Imagine a small concert venue, hosting 900 people, give or take. That’s about the number of passengers and crew on a small cruise ship, or of students attending the average U.S. public high school. A group that size collectively holds more wealth than the bottom half of the country combined, because that’s roughly how many billionaires live in the U.S. But a new bill is asking the people in that hypothetical cruise ship, concert venue, or high school to chip in, and to bankroll multi-thousand-dollar checks for millions of middle-class Americans.

Sen. Bernie Sanders and Rep. Ro Khanna introduced the “Make Billionaires Pay Their Fair Share Act” on Monday, a proposed 5% annual wealth tax on individuals with a net worth of $1 billion or more. Sanders estimates a total of 938 billionaires live in the U.S. and hold a collective $8.2 trillion.

That $8.2 trillion won’t only go into the government’s coffers. The proposed bill has some of that revenue going back into your pockets. In its first year, tax revenue would go toward a one-time $3,000 check for every person living in a lower- or middle-income household, or those earning $150,000 or less.

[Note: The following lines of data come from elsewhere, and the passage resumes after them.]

(* Let $K\in\{\mathbb{Q}_2(\sqrt{-1}),\mathbb{Q}_2(\sqrt{-5})\}$, $d=2m$ with $m$ odd, $m\ge3$, and $f=a_1x_1^d+\dots+a_sx_s^d$ with all $a_i\in\mathcal{O}\setminus\{0\}$. Suppose that for some level $k$, $f$ has at least three variables at level $k$ all with the same $\pi$-coefficient, and at least one variable at level $k+4$. Then $f$ has a nontrivial zero in $K$.
   Context: $\mathcal{O}$ is the ring of integers of $K$ and $\pi$ the uniformizer: $\pi=1+\sqrt{-1}$ for $\mathbb{Q}_2(\sqrt{-1})$ and $\pi=1+\sqrt{-5}$ for $\mathbb{Q}_2(\sqrt{-5})$. Each unit $u$ has a unique expansion $u=c_0+c_1\pi+c_2\pi^2+\cdots$ with $c_j\in\{0,1\}$, $c_0=1$. Writing $a_i=\pi^r u$ with $u$ a unit, the variable $x_i$ is at level $r\bmod d$ (levels are residues modulo $d$), and its $\pi$-coefficient is $c_1$ of $u$. A nontrivial zero is a point of $K^s$, not all coordinates zero, where $f$ vanishes. *)

theory Defs
  imports Main
begin

text \<open>Z[alpha] with alpha^2 = -D is represented by pairs (a,b) = a + b*alpha.
  The ring of integers O = Z_2[alpha] (true for D = 1, 5 since -D = 3 mod 4) is the
  inverse limit of Z[alpha]/2^n Z[alpha]: an element is a sequence x :: nat => int*int
  with x (Suc n) = x n modulo 2^n (componentwise); two elements are equal iff they
  agree modulo 2^n for every n.  K = Frac(O) = O[1/2] is represented by pairs (o,e)
  standing for o / 2^e.\<close>

type_synonym zalpha = "int \<times> int"

definition zmul :: "int \<Rightarrow> zalpha \<Rightarrow> zalpha \<Rightarrow> zalpha" where
  "zmul D u v = (fst u * fst v - D * snd u * snd v, fst u * snd v + snd u * fst v)"

definition zadd :: "zalpha \<Rightarrow> zalpha \<Rightarrow> zalpha" where
  "zadd u v = (fst u + fst v, snd u + snd v)"

definition zsub :: "zalpha \<Rightarrow> zalpha \<Rightarrow> zalpha" where
  "zsub u v = (fst u - fst v, snd u - snd v)"

fun zpow :: "int \<Rightarrow> zalpha \<Rightarrow> nat \<Rightarrow> zalpha" where
  "zpow D u 0 = (1, 0)"
| "zpow D u (Suc k) = zmul D u (zpow D u k)"

definition zcong :: "nat \<Rightarrow> zalpha \<Rightarrow> zalpha \<Rightarrow> bool" where
  "zcong n u v \<longleftrightarrow> (2::int)^n dvd (fst u - fst v) \<and> (2::int)^n dvd (snd u - snd v)"

type_synonym Oelt = "nat \<Rightarrow> zalpha"

definition in_O :: "Oelt \<Rightarrow> bool" where
  "in_O x \<longleftrightarrow> (\<forall>n. zcong n (x (Suc n)) (x n))"

definition O_eq :: "Oelt \<Rightarrow> Oelt \<Rightarrow> bool" where
  "O_eq x y \<longleftrightarrow> (\<forall>n. zcong n (x n) (y n))"

definition O_of :: "zalpha \<Rightarrow> Oelt" where
  "O_of c = (\<lambda>n. c)"

definition O_zero :: Oelt where "O_zero = O_of (0, 0)"
definition O_one :: Oelt where "O_one = O_of (1, 0)"
definition O_two :: Oelt where "O_two = O_of (2, 0)"

text \<open>The uniformizer pi = 1 + alpha.\<close>
definition O_pi :: Oelt where "O_pi = O_of (1, 1)"

definition O_add :: "Oelt \<Rightarrow> Oelt \<Rightarrow> Oelt" where
  "O_add x y = (\<lambda>n. zadd (x n) (y n))"

definition O_sub :: "Oelt \<Rightarrow> Oelt \<Rightarrow> Oelt" where
  "O_sub x y = (\<lambda>n. zsub (x n) (y n))"

definition O_mul :: "int \<Rightarrow> Oelt \<Rightarrow> Oelt \<Rightarrow> Oelt" where
  "O_mul D x y = (\<lambda>n. zmul D (x n) (y n))"

definition O_pow :: "int \<Rightarrow> Oelt \<Rightarrow> nat \<Rightarrow> Oelt" where
  "O_pow D x k = (\<lambda>n. zpow D (x n) k)"

type_synonym Kelt = "Oelt \<times> nat"

definition K_of_O :: "Oelt \<Rightarrow> Kelt" where "K_of_O x = (x, 0)"
definition K_zero :: Kelt where "K_zero = (O_zero, 0)"

definition K_add :: "int \<Rightarrow> Kelt \<Rightarrow> Kelt \<Rightarrow> Kelt" where
  "K_add D p q = (O_add (O_mul D (fst p) (O_pow D O_two (snd q)))
                        (O_mul D (fst q) (O_pow D O_two (snd p))), snd p + snd q)"

definition K_mul :: "int \<Rightarrow> Kelt \<Rightarrow> Kelt \<Rightarrow> Kelt" where
  "K_mul D p q = (O_mul D (fst p) (fst q), snd p + snd q)"

definition K_pow :: "int \<Rightarrow> Kelt \<Rightarrow> nat \<Rightarrow> Kelt" where
  "K_pow D p k = (O_pow D (fst p) k, snd p * k)"

definition K_eq :: "int \<Rightarrow> Kelt \<Rightarrow> Kelt \<Rightarrow> bool" where
  "K_eq D p q \<longleftrightarrow> O_eq (O_mul D (fst p) (O_pow D O_two (snd q)))
                        (O_mul D (fst q) (O_pow D O_two (snd p)))"

definition diag_form :: "int \<Rightarrow> nat \<Rightarrow> (nat \<Rightarrow> Oelt) \<Rightarrow> nat \<Rightarrow> (nat \<Rightarrow> Kelt) \<Rightarrow> Kelt" where
  "diag_form D d a s x =
     foldr (\<lambda>i acc. K_add D (K_mul D (K_of_O (a i)) (K_pow D (x i) d)) acc) [0..<s] K_zero"

text \<open>The coefficient a (nonzero in O) is at level k (mod d) with pi-coefficient c:
  a = pi^r * u with r = k mod d and u = 1 + c*pi (mod pi^2), c in {0,1}
  (such u is a unit with expansion coefficients c_0 = 1, c_1 = c).\<close>
definition level_coeff :: "int \<Rightarrow> nat \<Rightarrow> Oelt \<Rightarrow> nat \<Rightarrow> int \<Rightarrow> bool" where
  "level_coeff D d a k c \<longleftrightarrow> c \<in> {0, 1} \<and>
     (\<exists>r u w. in_O u \<and> in_O w \<and> r mod d = k mod d \<and>
        O_eq a (O_mul D (O_pow D O_pi r) u) \<and>
        O_eq (O_sub u (O_add O_one (O_mul D (O_of (c, 0)) O_pi))) (O_mul D (O_pow D O_pi 2) w))"

definition at_level :: "int \<Rightarrow> nat \<Rightarrow> Oelt \<Rightarrow> nat \<Rightarrow> bool" where
  "at_level D d a k \<longleftrightarrow> (\<exists>c. level_coeff D d a k c)"

end

(*
  Write each coefficient as a_i = pi^r_i u_i with u_i a unit. Among three units at the same level
  with the same pi-coefficient, pigeonholing the next binary digit gives two, u_P and u_Q, whose
  quotient u_Q / u_P is congruent to a rational integer modulo 4. Taking x_P = pi^t_P y,
  x_Q = pi^t_Q and x_j = pi^t_j W for the coefficient at level k + 4, with the exponents chosen so
  that every term is divisible by exactly pi^N, the form reduces to u_P y^2m + u_Q + pi^4 u_j W = 0
  with W in {0, 1}. Modulo 8 this is solved by a finite search: the units y used satisfy
  y^4 = 1 (mod 8), hence y^2m = y^2, and their squares cover every residue p + 4 q alpha with p odd
  once the optional term pi^4 u_j W = -4 u_j W (mod 8) is added. Since d = 2m with m odd, the
  derivative 2m u_P y^(2m-1) is exactly divisible by 2, so Hensel's lemma lifts the solution
  modulo 8 to a zero in K.
*)
theory Submission
  imports Defs Complex_Main
begin

lemma two_power_pred: "j \<ge> 1 \<Longrightarrow> 2 * 2 ^ (j - 1) = (2::'a::semiring_1) ^ j"
  by (metis One_nat_def Suc_pred less_eq_Suc_le power_Suc)

lemma two_power_pred_square:
  "j \<ge> 3 \<Longrightarrow> ((2::'a::semiring_1) ^ (j - 1))\<^sup>2 = 2 ^ (j + 1) * 2 ^ (j - 3)"
proof -
  assume "j \<ge> 3"
  then have "(j - 1) * 2 = (j + 1) + (j - 3)"
    by simp
  then show ?thesis
    by (metis power_add power_mult)
qed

While the legislation faces steep odds given Republican control of the House and Senate, the bill follows a trend of proposals aimed at redistributing billionaire wealth. A major labor union introduced a California billionaire tax ballot initiative of similar stature—a 5% tax on those with a net worth of $1 billion or more in the state—though framed as a one-time tax rather than a recurring one. That bill has ignited an exodus from the state, with Google cofounders Sergey Brin and Larry Page among those who have announced their departures. The Biden administration in 2023 introduced a similar bill—a 20% minimum income tax for households with a net worth of $100 million or more—though with little success.